YOUR GOAL ▸ Would you print each of the entries below precisely as given?

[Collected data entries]
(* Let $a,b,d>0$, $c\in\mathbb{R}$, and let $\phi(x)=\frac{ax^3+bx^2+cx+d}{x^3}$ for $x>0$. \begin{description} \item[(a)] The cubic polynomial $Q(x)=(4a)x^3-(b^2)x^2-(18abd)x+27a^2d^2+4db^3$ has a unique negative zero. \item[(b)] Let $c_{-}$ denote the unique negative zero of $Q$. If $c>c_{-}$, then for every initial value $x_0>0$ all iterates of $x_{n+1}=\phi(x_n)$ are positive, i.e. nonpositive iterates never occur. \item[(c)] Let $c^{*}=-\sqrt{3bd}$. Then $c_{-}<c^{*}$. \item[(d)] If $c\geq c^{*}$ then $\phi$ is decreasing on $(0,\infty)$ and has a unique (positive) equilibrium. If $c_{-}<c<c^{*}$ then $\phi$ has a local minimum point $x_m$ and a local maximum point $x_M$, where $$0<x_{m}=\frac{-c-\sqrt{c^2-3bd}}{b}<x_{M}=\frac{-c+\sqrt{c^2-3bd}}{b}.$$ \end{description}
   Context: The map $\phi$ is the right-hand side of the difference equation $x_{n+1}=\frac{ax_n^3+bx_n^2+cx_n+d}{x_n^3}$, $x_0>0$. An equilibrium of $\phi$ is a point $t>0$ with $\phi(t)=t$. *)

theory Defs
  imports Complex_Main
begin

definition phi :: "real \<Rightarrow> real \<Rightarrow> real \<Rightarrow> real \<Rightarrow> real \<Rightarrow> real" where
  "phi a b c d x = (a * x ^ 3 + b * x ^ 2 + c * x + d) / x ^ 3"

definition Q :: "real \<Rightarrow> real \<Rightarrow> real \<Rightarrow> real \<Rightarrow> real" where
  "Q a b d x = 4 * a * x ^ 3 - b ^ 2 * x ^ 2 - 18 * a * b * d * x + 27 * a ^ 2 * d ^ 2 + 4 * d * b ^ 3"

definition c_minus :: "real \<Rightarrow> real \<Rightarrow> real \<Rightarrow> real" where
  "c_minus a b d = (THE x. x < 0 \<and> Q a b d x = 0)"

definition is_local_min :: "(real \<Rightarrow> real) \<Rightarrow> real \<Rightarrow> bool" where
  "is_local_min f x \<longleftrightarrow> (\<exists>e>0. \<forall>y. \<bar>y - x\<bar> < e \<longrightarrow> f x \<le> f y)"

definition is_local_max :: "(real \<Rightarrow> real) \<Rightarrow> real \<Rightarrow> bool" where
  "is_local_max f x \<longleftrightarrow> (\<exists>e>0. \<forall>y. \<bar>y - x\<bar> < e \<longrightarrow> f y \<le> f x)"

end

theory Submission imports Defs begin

TASK RESULT ▸
(* Let $a,b,d>0$, $c\in\mathbb{R}$, and let $\phi(x)=\frac{ax^3+bx^2+cx+d}{x^3}$ for $x>0$. \begin{description} \item[(a)] The cubic polynomial $Q(x)=(4a)x^3-(b^2)x^2-(18abd)x+27a^2d^2+4db^3$ has a unique negative zero. \item[(b)] Let $c_{-}$ denote the unique negative zero of $Q$. If $c>c_{-}$, then for every initial value $x_0>0$ all iterates of $x_{n+1}=\phi(x_n)$ are positive, i.e. nonpositive iterates never occur. \item[(c)] Let $c^{*}=-\sqrt{3bd}$. Then $c_{-}<c^{*}$. \item[(d)] If $c\geq c^{*}$ then $\phi$ is decreasing on $(0,\infty)$ and has a unique (positive) equilibrium. If $c_{-}<c<c^{*}$ then $\phi$ has a local minimum point $x_m$ and a local maximum point $x_M$, where $$0<x_{m}=\frac{-c-\sqrt{c^2-3bd}}{b}<x_{M}=\frac{-c+\sqrt{c^2-3bd}}{b}.$$ \end{description}
   Context: The map $\phi$ is the right-hand side of the difference equation $x_{n+1}=\frac{ax_n^3+bx_n^2+cx_n+d}{x_n^3}$, $x_0>0$. An equilibrium of $\phi$ is a point $t>0$ with $\phi(t)=t$. *)

theory Defs
  imports Complex_Main
begin

definition phi :: "real \<Rightarrow> real \<Rightarrow> real \<Rightarrow> real \<Rightarrow> real \<Rightarrow> real" where
  "phi a b c d x = (a * x ^ 3 + b * x ^ 2 + c * x + d) / x ^ 3"

definition Q :: "real \<Rightarrow> real \<Rightarrow> real \<Rightarrow> real \<Rightarrow> real" where
  "Q a b d x = 4 * a * x ^ 3 - b ^ 2 * x ^ 2 - 18 * a * b * d * x + 27 * a ^ 2 * d ^ 2 + 4 * d * b ^ 3"

definition c_minus :: "real \<Rightarrow> real \<Rightarrow> real \<Rightarrow> real" where
  "c_minus a b d = (THE x. x < 0 \<and> Q a b d x = 0)"

definition is_local_min :: "(real \<Rightarrow> real) \<Rightarrow> real \<Rightarrow> bool" where
  "is_local_min f x \<longleftrightarrow> (\<exists>e>0. \<forall>y. \<bar>y - x\<bar> < e \<longrightarrow> f x \<le> f y)"

definition is_local_max :: "(real \<Rightarrow> real) \<Rightarrow> real \<Rightarrow> bool" where
  "is_local_max f x \<longleftrightarrow> (\<exists>e>0. \<forall>y. \<bar>y - x\<bar> < e \<longrightarrow> f y \<le> f x)"

end

theory Submission imports Defs begin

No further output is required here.